We maintain social media presences on Instagram (Meta Platforms Ireland Ltd., 4 Grand Canal Square, Dublin 2, Ireland), X / Twitter (X Corp., 1355 Market Street, Suite 900, San Francisco, CA 94103, USA), and Facebook (Meta Platforms Ireland Ltd., 4 Grand Canal Square, Dublin 2, Ireland). The social media icons in our footer are simple hyperlinks — no social media plugins, share buttons, tracking pixels, or “Like” buttons are embedded on this website. Your browser makes no connection to any social media platform unless you actively click one of these links. When you click a link and are redirected to the platform, the platform’s own privacy policy governs all subsequent data processing.

15. Children's Privacy

harbingerstandard.com is a general-interest news publication for adult audiences and is not directed at children under the age of 16. We do not knowingly collect personal data from children. If you believe that we have inadvertently collected data from a child under 16, please notify us immediately at support@harbingerpressmedia.com and we will take prompt steps to delete such data.

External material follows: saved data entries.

lemma min_gens_mat_apply_image:
  fixes P Q :: "'c::finite \<Rightarrow> 'c \<Rightarrow> 'r::comm_ring_1"
  assumes PQ: "mat_mult P Q = mat_one" and QP: "mat_mult Q P = mat_one"
  shows "min_gens (mat_apply P ` M) (mat_apply P ` N) = min_gens M N"
proof -
  have card_image_P: "card (mat_apply P ` G) = card G" for G
    by (metis card_image injI mat_apply_inverse[OF PQ] inj_on_subset subset_UNIV)
  have QP_image: "mat_apply Q ` mat_apply P ` S = S" for S
    by (force simp: image_image mat_apply_inverse[OF PQ])
  have "(\<exists>G. generates (mat_apply P ` M) (mat_apply P ` N) G \<and> card G = n) \<longleftrightarrow>
        (\<exists>G. generates M N G \<and> card G = n)" for n
  proof
    assume "\<exists>G. generates (mat_apply P ` M) (mat_apply P ` N) G \<and> card G = n"
    then obtain G where G: "generates (mat_apply P ` M) (mat_apply P ` N) G" "card G = n" by blast
    have "generates M N (mat_apply Q ` G)"
      using generates_mat_apply_image[OF QP G(1)] unfolding QP_image .
    moreover have "card (mat_apply Q ` G) = n"
      by (metis G(2) card_image injI mat_apply_inverse[OF QP] inj_on_subset subset_UNIV)
    ultimately show "\<exists>G. generates M N G \<and> card G = n" by blast
  next
    assume "\<exists>G. generates M N G \<and> card G = n"
    then show "\<exists>G. generates (mat_apply P ` M) (mat_apply P ` N) G \<and> card G = n"
      using generates_mat_apply_image[OF PQ] card_image_P by blast
  qed
  then show ?thesis unfolding min_gens_altdef by simp
qed

section \<open>Cohomology of a matrix differential up to similarity\<close>

definition cocycles :: "('c::finite \<Rightarrow> 'c \<Rightarrow> 'r::comm_ring_1) \<Rightarrow> ('c \<Rightarrow> 'r) set" where
  "cocycles D = {v. mat_apply D v = (\<lambda>_. 0)}"

definition coboundaries :: "('c::finite \<Rightarrow> 'c \<Rightarrow> 'r::comm_ring_1) \<Rightarrow> ('c \<Rightarrow> 'r) set" where
  "coboundaries D = range (mat_apply D)"

definition torsion_cocycles :: "('c::finite \<Rightarrow> 'c \<Rightarrow> 'r::comm_ring_1) \<Rightarrow> ('c \<Rightarrow> 'r) set" where
  "torsion_cocycles D = {v \<in> cocycles D. \<exists>a. a \<noteq> 0 \<and> (\<lambda>x. a * v x) \<in> coboundaries D}"

definition similar :: "('c::finite \<Rightarrow> 'c \<Rightarrow> 'r::comm_ring_1) \<Rightarrow> ('c \<Rightarrow> 'c \<Rightarrow> 'r) \<Rightarrow> bool" where
  "similar D N \<longleftrightarrow> (\<exists>P Q. mat_mult P Q = mat_one \<and> mat_mult Q P = mat_one \<and> mat_mult P D = mat_mult N P)"

lemma image_eq_by_inverse:
  assumes "\<And>v. L (K v) = v" and "\<And>w. L w \<in> S \<longleftrightarrow> w \<in> T"
  shows "S = L ` T"
proof (intro set_eqI iffI)
  fix v assume "v \<in> S"
  then show "v \<in> L ` T" using assms by (metis imageI)
next
  fix v assume "v \<in> L ` T"
  then show "v \<in> S" using assms(2) by blast
qed

lemma similar_cohomology_sets:
  fixes P Q D N :: "'c::finite \<Rightarrow> 'c \<Rightarrow> 'r::comm_ring_1"
  assumes PQ: "mat_mult P Q = mat_one" and QP: "mat_mult Q P = mat_one"
    and comm: "mat_mult P D = mat_mult N P"
  shows "cocycles D = mat_apply P ` cocycles N"
    and "coboundaries D = mat_apply P ` coboundaries N"
    and "torsion_cocycles D = mat_apply P ` torsion_cocycles N"
proof -
  let ?L = "mat_apply P" and ?K = "mat_apply Q"
  have KL: "?K (?L w) = w" and LK: "?L (?K w) = w" for w
    using mat_apply_inverse[OF PQ] mat_apply_inverse[OF QP] by auto
  have L_eq_iff: "?L u = ?L w \<longleftrightarrow> u = w" for u w by (metis KL)
  have L_comm: "mat_apply D (?L w) = ?L (mat_apply N w)" for w
    by (simp add: mat_apply_mat_mult comm)
  have cocycle: "?L w \<in> cocycles D \<longleftrightarrow> w \<in> cocycles N" for w
    unfolding cocycles_def using L_comm L_eq_iff[of _ "\<lambda>_. 0"] by simp
  have coboundary: "?L w \<in> coboundaries D \<longleftrightarrow> w \<in> coboundaries N" for w
  proof
    assume "?L w \<in> coboundaries D"
    then obtain u where "mat_apply D u = ?L w" unfolding coboundaries_def by auto
    then have "?L (mat_apply N (?K u)) = ?L w" using L_comm[of "?K u"] LK by simp
    then show "w \<in> coboundaries N" unfolding coboundaries_def L_eq_iff by (metis rangeI)
  next
    assume "w \<in> coboundaries N"
    then obtain u where "mat_apply N u = w" unfolding coboundaries_def by auto
    then show "?L w \<in> coboundaries D" unfolding coboundaries_def using L_comm[of u] by (metis rangeI)
  qed
  have torsion: "?L w \<in> torsion_cocycles D \<longleftrightarrow> w \<in> torsion_cocycles N" for w
  proof -
    have "(\<lambda>x. a * ?L w x) = ?L (\<lambda>x. a * w x)" for a by (simp add: mat_apply_scale)
    then show ?thesis unfolding torsion_cocycles_def using cocycle coboundary by simp
  qed
  show "cocycles D = ?L ` cocycles N" by (rule image_eq_by_inverse[OF LK cocycle])
  show "coboundaries D = ?L ` coboundaries N" by (rule image_eq_by_inverse[OF LK coboundary])
  show "torsion_cocycles D = ?L ` torsion_cocycles N" by (rule image_eq_by_inverse[OF LK torsion])
qed

lemma min_gens_similar:
  assumes "similar D N"
  shows "min_gens (cocycles D) (torsion_cocycles D) = min_gens (cocycles N) (torsion_cocycles N)"
    and "min_gens (torsion_cocycles D) (coboundaries D) = min_gens (torsion_cocycles N) (coboundaries N)"
    and "min_gens (cocycles D) (coboundaries D) = min_gens (cocycles N) (coboundaries N)"
  using assms unfolding similar_def
  by (auto simp: similar_cohomology_sets min_gens_mat_apply_image)

lemma UNIV_bit: "(UNIV :: bit set) = {0, 1}"
  by (auto intro: bit_not_zero_iff[THEN iffD1])

instance bit :: finite
  by standard (simp add: UNIV_bit)

lemma card_UNIV_bit: "card (UNIV :: bit set) = 2"
  by (simp add: UNIV_bit)

lemma card_bit_functions_supported_on:
  "card {f :: 'c::finite \<Rightarrow> bit. \<forall>x. x \<notin> X \<longrightarrow> f x = 0} = 2 ^ card X"
proof -
  let ?E = "\<lambda>g x. if x \<in> X then g x else (0::bit)"
  have eq: "{f :: 'c \<Rightarrow> bit. \<forall>x. x \<notin> X \<longrightarrow> f x = 0} = ?E ` (PiE X (\<lambda>_. UNIV))"
  proof (intro set_eqI iffI)
    fix f :: "'c \<Rightarrow> bit" assume f: "f \<in> {f. \<forall>x. x \<notin> X \<longrightarrow> f x = 0}"
    show "f \<in> ?E ` (PiE X (\<lambda>_. UNIV))"
      by (rule image_eqI[where x="restrict f X"]) (use f in \<open>auto intro!: ext\<close>)
  qed auto
  have "inj_on ?E (PiE X (\<lambda>_. UNIV))"
  proof (rule inj_onI)
    fix g h assume g: "g \<in> PiE X (\<lambda>_. UNIV)" and h: "h \<in> PiE X (\<lambda>_. UNIV)" and e: "?E g = ?E h"
    show "g = h"
    proof
      fix x show "g x = h x"
        using g h fun_cong[OF e, of x] by (cases "x \<in> X") (auto simp: PiE_def extensional_def)
    qed
  qed
  then show ?thesis unfolding eq by (simp add: card_image card_PiE card_UNIV_bit)
qed

lemma card_rspan_bit_le:
  assumes "finite H"
  shows "card (rspan H :: ('c::finite \<Rightarrow> bit) set) \<le> 2 ^ card H"
proof -
  let ?S = "\<lambda>c x. \<Sum>g\<in>H. c g * g x"
  have "rspan H \<subseteq> ?S ` (PiE H (\<lambda>_. UNIV))"
  proof
    fix u assume "u \<in> rspan H"
    then obtain F c where F: "finite F" "F \<subseteq> H" and u: "u = (\<lambda>x. \<Sum>g\<in>F. c g * g x)"
      unfolding rspan_def by blast
    let ?c = "restrict (\<lambda>g. if g \<in> F then c g else 0) H"
    have "u = ?S ?c"
    proof
      fix x
      have "(\<Sum>g\<in>H. ?c g * g x) = (\<Sum>g\<in>H. (if g \<in> F then c g * g x else 0))"
        by (intro sum.cong) auto
      also have "\<dots> = (\<Sum>g\<in>F. c g * g x)"
        using F assms by (simp add: sum.If_cases Int_absorb1)
      finally show "u x = ?S ?c x" using u by simp
    qed
    then show "u \<in> ?S ` (PiE H (\<lambda>_. UNIV))"
      by (intro image_eqI[where x="?c"]) auto
  qed
  then have "card (rspan H) \<le> card (?S ` (PiE H (\<lambda>_. UNIV)))" by (rule card_mono[rotated]) simp
  also have "\<dots> \<le> card (PiE H (\<lambda>_. UNIV :: bit set))" by (rule card_image_le) (simp add: finite_PiE assms)
  also have "\<dots> = 2 ^ card H" by (simp add: card_PiE assms card_UNIV_bit)
  finally show ?thesis .
qed

definition const_coeff_on :: "'c set \<Rightarrow> ('c \<Rightarrow> bit fps) \<Rightarrow> ('c \<Rightarrow> bit)" where
  "const_coeff_on X w = (\<lambda>x. if x \<in> X then w x $ 0 else 0)"

lemma const_coeff_on_sum:
  "const_coeff_on X (\<lambda>x. \<Sum>g\<in>F. c g * g x) = (\<lambda>x. \<Sum>g\<in>F. (c g $ 0) * const_coeff_on X g x)"
  unfolding const_coeff_on_def by (auto intro!: ext simp: fps_sum_nth sum_distrib_left)

lemma const_coeff_on_add:
  "const_coeff_on X (\<lambda>x. u x + w x) = (\<lambda>x. const_coeff_on X u x + const_coeff_on X w x)"
  unfolding const_coeff_on_def by auto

16. Changes to This Privacy Policy

We may update this Privacy Policy periodically to reflect changes in our data processing practices, applicable law, or the services we offer. The date of the most recent revision is indicated at the top of this Policy. For material changes, we will take reasonable steps to provide prominent notice, such as a banner notification on the Website. Your continued use of harbingerstandard.com following the posting of a revised Privacy Policy constitutes your acceptance of the revised Policy to the extent permitted by applicable law.

17. Contact and Data Subject Requests

For all privacy-related inquiries, to exercise any of your data subject rights, or to submit a complaint, please contact:
Harbinger Bros. LLC
1309 Coffeen Avenue, Sheridan, WY 82801, United States
Email: support@harbingerpressmedia.com

Please include sufficient detail to enable us to identify the subject of your request and to verify your identity. We will acknowledge all requests promptly and respond substantively within the applicable legal deadline.